The inspector limits XPath search collection to the first 5000 results by default so broad queries stay usable in an interactive UI. Override the limit with a command-line option:

```sh
platynui-inspector --search-result-limit 10000
platynui-inspector --search-result-limit unlimited
```

Or use the equivalent environment variable:

```sh
PLATYNUI_INSPECTOR_SEARCH_RESULT_LIMIT=10000
PLATYNUI_INSPECTOR_SEARCH_RESULT_LIMIT=unlimited
```

Command-line options take precedence over environment variables. Values `0`, `off`, `disabled`, `disable`, `none`, and `unlimited` disable the guard.

### Rendering options

The inspector ships with both `wgpu` and `glow` renderers. `wgpu` is the default; `glow` can be useful in virtual machines or older graphics stacks.

Command-line options take precedence over environment variables:

```sh
platynui-inspector --renderer glow --glow-hardware-acceleration off
```

Equivalent environment variables:

```sh
PLATYNUI_INSPECTOR_RENDERER=glow
PLATYNUI_INSPECTOR_GLOW_HARDWARE_ACCELERATION=off
```

Supported renderer values are `wgpu` and `glow`. Supported glow hardware acceleration values are `required`, `preferred`, and `off`.

The glow hardware acceleration setting applies to the `glow` renderer only. When `glow` is selected, `off` is treated as a best-effort request. Some Windows systems do not expose a software-only OpenGL configuration, so the inspector falls back to `preferred` instead of failing during window creation.

The `wgpu` renderer does not use the glow hardware acceleration setting.
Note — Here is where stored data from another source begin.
lemma exists_free_generators_in_opens:
  fixes smul :: "'k::real_normed_field \<Rightarrow> 'a::{comm_ring,topological_space} \<Rightarrow> 'a"
    and U :: "'i \<Rightarrow> 'a set"
  assumes TA: "topological_algebra smul" and SFG_A: "SFG smul A" and gen_A: "gen smul A = UNIV"
    and "infinite A" and "I \<lesssim> A"
    and U: "\<And>i. i \<in> I \<Longrightarrow> open (U i)" "\<And>i. i \<in> I \<Longrightarrow> U i \<noteq> {}"
  obtains f where "inj_on f I" "SFG smul (f ` I)" "\<And>i. i \<in> I \<Longrightarrow> f i \<in> U i"
proof -
  interpret smul_algebra smul
    using TA by (rule topological_algebra_imp_smul_algebra)
  define p where "p i = (SOME x. x \<in> U i)" for i
  have p: "p i \<in> U i" if "i \<in> I" for i
    using U(2)[OF that] by (simp add: p_def some_in_eq)
  have "\<forall>i. \<exists>T. finite T \<and> T \<subseteq> A \<and> p i \<in> gen smul T"
    by (intro allI gen_finite_support) (simp add: gen_A)
  then have "\<exists>s. \<forall>i. finite (s i) \<and> s i \<subseteq> A \<and> p i \<in> gen smul (s i)"
    by (rule choice)
  then obtain s where "\<forall>i. finite (s i) \<and> s i \<subseteq> A \<and> p i \<in> gen smul (s i)"
    by blast
  then have s: "\<And>i. finite (s i)" "\<And>i. s i \<subseteq> A" "\<And>i. p i \<in> gen smul (s i)"
    by simp_all
  obtain D where D: "\<And>i. i \<in> I \<Longrightarrow> D i \<subseteq> A" "\<And>i. i \<in> I \<Longrightarrow> D i \<approx> A" "disjoint_family_on D I"
    using exists_disjoint_family_eqpoll[OF \<open>infinite A\<close> \<open>I \<lesssim> A\<close>] by blast
  obtain r a where r: "Well_order r" "Field r = I" and a: "inj_on a I" "\<And>i. i \<in> I \<Longrightarrow> a i \<in> D i"
    and a_avoids: "\<And>i j. (j, i) \<in> r \<Longrightarrow> a i \<notin> s j"
  proof (rule wellorder_avoiding_choice[of I s D])
    show "I \<lesssim> D i" if "i \<in> I" for i
      using lepoll_trans2[OF \<open>I \<lesssim> A\<close> eqpoll_sym[OF D(2)[OF that]]] .
    show "infinite (D i)" if "i \<in> I" for i
      using eqpoll_finite_iff[OF D(2)[OF that]] \<open>infinite A\<close> by simp
  qed (use s(1) D(3) in auto)
  have a_in_A: "a i \<in> A" if "i \<in> I" for i
    using a(2)[OF that] D(1)[OF that] by blast
  define e where "e i = (SOME t. t \<noteq> 0 \<and> smul t (a i) + p i \<in> U i)" for i
  have e: "e i \<noteq> 0" "smul (e i) (a i) + p i \<in> U i" if "i \<in> I" for i
    using someI_ex[OF topological_algebra_nonzero_smul_add_in_open[OF TA U(1) p, of i "a i"]] that
    by (simp_all add: e_def)
  interpret triangular_exchange smul r A a p e
  proof
    show "inj_on a (Field r)" "a ` Field r \<subseteq> A" "\<And>i. i \<in> Field r \<Longrightarrow> e i \<noteq> 0"
      using a(1) a_in_A e(1) r(2) by auto
    show "p i \<in> gen smul (A - a ` {j. (i, j) \<in> r})" for i
    proof -
      have "s i \<subseteq> A - a ` {j. (i, j) \<in> r}"
        using s(2)[of i] a_avoids by auto
      then show ?thesis
        using gen_mono s(3)[of i] by blast
    qed
  qed (use r(1) SFG_A in \<open>simp_all add: wo_rel_def\<close>)
  show thesis
  proof
    show "inj_on b I" "SFG smul (b ` I)"
      using inj_b SFG_b_image r(2) by simp_all
    show "b i \<in> U i" if "i \<in> I" for i
      using e(2)[OF that] by (simp add: b_def)
  qed
qed

lemma free_dense_independent_family:
  fixes smul :: "'k::real_normed_field \<Rightarrow> 'a::{comm_ring,topological_space} \<Rightarrow> 'a" and A :: "'a set"
  assumes TA: "topological_algebra smul" and SFG_A: "SFG smul A" and gen_A: "gen smul A = UNIV"
    and inf: "infinite A" and weight: "weight_le TYPE('a) A"
  shows "\<exists>F :: 'a \<Rightarrow> 'a set.
            (\<forall>k\<in>A. SFG smul (F k) \<and> F k \<approx> A \<and> closure (gen smul (F k)) = UNIV) \<and>
            (\<forall>k1\<in>A. \<forall>k2\<in>A. k1 \<noteq> k2 \<longrightarrow> F k1 \<inter> F k2 = {}) \<and>
            SFG smul (\<Union>k\<in>A. F k) \<and>
            (\<forall>k1\<in>A. \<forall>k2\<in>A. k1 \<noteq> k2 \<longrightarrow> gen smul (F k1) \<inter> gen smul (F k2) = {0})"
proof -
  interpret smul_algebra smul
    using TA by (rule topological_algebra_imp_smul_algebra)
  obtain V :: "'a \<Rightarrow> 'a set" where V: "\<And>\<beta>. open (V \<beta>)" "\<And>\<beta>. V \<beta> \<noteq> {}"
    and V_base: "\<And>W. open W \<Longrightarrow> W \<noteq> {} \<Longrightarrow> \<exists>\<beta>\<in>A. V \<beta> \<subseteq> W"
    using weight_le_obtains_pi_base[OF weight] by blast
  have "A \<times> A \<lesssim> A"
    using infinite_Times_eqpoll_self[OF inf] by (rule eqpoll_imp_lepoll)
  then obtain f where f: "inj_on f (A \<times> A)" "SFG smul (f ` (A \<times> A))"
    and f_in_V: "\<And>i. i \<in> A \<times> A \<Longrightarrow> f i \<in> V (snd i)"
    by (rule exists_free_generators_in_opens[OF TA SFG_A gen_A inf, where U = "\<lambda>i. V (snd i)"])
      (simp_all add: V that)
  define F where "F \<kappa> = f ` ({\<kappa>} \<times> A)" for \<kappa>
  have F_sub: "F \<kappa> \<subseteq> f ` (A \<times> A)" if "\<kappa> \<in> A" for \<kappa>
    using that by (auto simp: F_def)
  have "SFG smul (F \<kappa>)" "F \<kappa> \<approx> A" "closure (gen smul (F \<kappa>)) = UNIV" if "\<kappa> \<in> A" for \<kappa>
  proof -
    show "SFG smul (F \<kappa>)"
      using SFG_subset[OF f(2) F_sub[OF that]] .
    have "F \<kappa> \<approx> {\<kappa>} \<times> A"
      unfolding F_def by (intro inj_on_image_eqpoll_self inj_on_subset[OF f(1)]) (use that in auto)
    then show "F \<kappa> \<approx> A"
      using times_singleton_eqpoll by (rule eqpoll_trans)
    show "closure (gen smul (F \<kappa>)) = UNIV"
    proof (rule closure_eq_UNIV_if_meets_pi_base[OF V_base])
      fix \<beta> assume "\<beta> \<in> A"
      then have "f (\<kappa>, \<beta>) \<in> gen smul (F \<kappa>)" "f (\<kappa>, \<beta>) \<in> V \<beta>"
        using f_in_V[of "(\<kappa>, \<beta>)"] \<open>\<kappa> \<in> A\<close> by (auto simp: F_def intro: gen_base)
      then show "gen smul (F \<kappa>) \<inter> V \<beta> \<noteq> {}"
        by blast
    qed
  qed
  moreover have "F \<kappa>1 \<inter> F \<kappa>2 = {}" if "\<kappa>1 \<in> A" "\<kappa>2 \<in> A" "\<kappa>1 \<noteq> \<kappa>2" for \<kappa>1 \<kappa>2
    using that inj_onD[OF f(1)] by (auto simp: F_def)
  moreover have "SFG smul (\<Union>\<kappa>\<in>A. F \<kappa>)"
    using F_sub by (intro SFG_subset[OF f(2)]) auto
  ultimately show ?thesis
    using SFG_gen_Int_gen[OF f(2) F_sub F_sub] by (intro exI[of _ F]) auto
qed

theorem theorem4p5:
  fixes smR :: "real \<Rightarrow> 'a::{comm_ring,topological_space} \<Rightarrow> 'a" and AR :: "'a set"
    and smC :: "complex \<Rightarrow> 'b::{comm_ring,topological_space} \<Rightarrow> 'b" and AC :: "'b set"
  shows
   "(topological_algebra smR \<and> SFG smR AR \<and> gen smR AR = UNIV \<and> infinite AR
       \<and> weight_le TYPE('a) AR
     \<longrightarrow> (\<exists>F :: 'a \<Rightarrow> 'a set.
            (\<forall>k\<in>AR. SFG smR (F k) \<and> F k \<approx> AR \<and> closure (gen smR (F k)) = UNIV) \<and>
            (\<forall>k1\<in>AR. \<forall>k2\<in>AR. k1 \<noteq> k2 \<longrightarrow> F k1 \<inter> F k2 = {}) \<and>
            SFG smR (\<Union>k\<in>AR. F k) \<and>
            (\<forall>k1\<in>AR. \<forall>k2\<in>AR. k1 \<noteq> k2 \<longrightarrow> gen smR (F k1) \<inter> gen smR (F k2) = {0})))
  \<and> (topological_algebra smC \<and> SFG smC AC \<and> gen smC AC = UNIV \<and> infinite AC
       \<and> weight_le TYPE('b) AC
     \<longrightarrow> (\<exists>F :: 'b \<Rightarrow> 'b set.
            (\<forall>k\<in>AC. SFG smC (F k) \<and> F k \<approx> AC \<and> closure (gen smC (F k)) = UNIV) \<and>
            (\<forall>k1\<in>AC. \<forall>k2\<in>AC. k1 \<noteq> k2 \<longrightarrow> F k1 \<inter> F k2 = {}) \<and>
            SFG smC (\<Union>k\<in>AC. F k) \<and>
            (\<forall>k1\<in>AC. \<forall>k2\<in>AC. k1 \<noteq> k2 \<longrightarrow> gen smC (F k1) \<inter> gen smC (F k2) = {0})))"
  using free_dense_independent_family[of smR AR] free_dense_independent_family[of smC AC]
  by blast

end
It can be influenced through the environment variables supported by `wgpu` itself:

```sh
WGPU_POWER_PREF=low      # low, high, or none
WGPU_BACKEND=dx12        # comma-separated: dx12, vulkan, gl, metal
```

`WGPU_POWER_PREF` changes adapter preference, such as low-power versus high-performance devices. `WGPU_BACKEND` limits which graphics backends `wgpu` may try. These settings do not force pure software rendering, but they are useful when diagnosing virtual machine or driver-specific rendering behavior.

On Windows, the inspector uses Vulkan or DX12 by default, with Vulkan preferred when available. OpenGL is not tried automatically because it can make startup noticeably slower on some systems. If you need to test OpenGL anyway, start the inspector with `WGPU_BACKEND=gl`.

## Notes

- On Linux/X11, make sure accessibility is enabled and AT-SPI is running.
- On Windows, UIA is available by default, but elevated applications may require matching privileges.
- If a highlighted element is missing or empty, the application may not expose usable bounds through the platform backend.

## More information

- [../../docs/](../../docs/) - current working notes for Inspector behavior and platform details.
- [../../README.md](../../README.md) - project overview.

The files in `docs/` are working documentation for now and will be replaced or consolidated into proper user documentation later.

## License

Apache-2.0. See the repository's LICENSE file.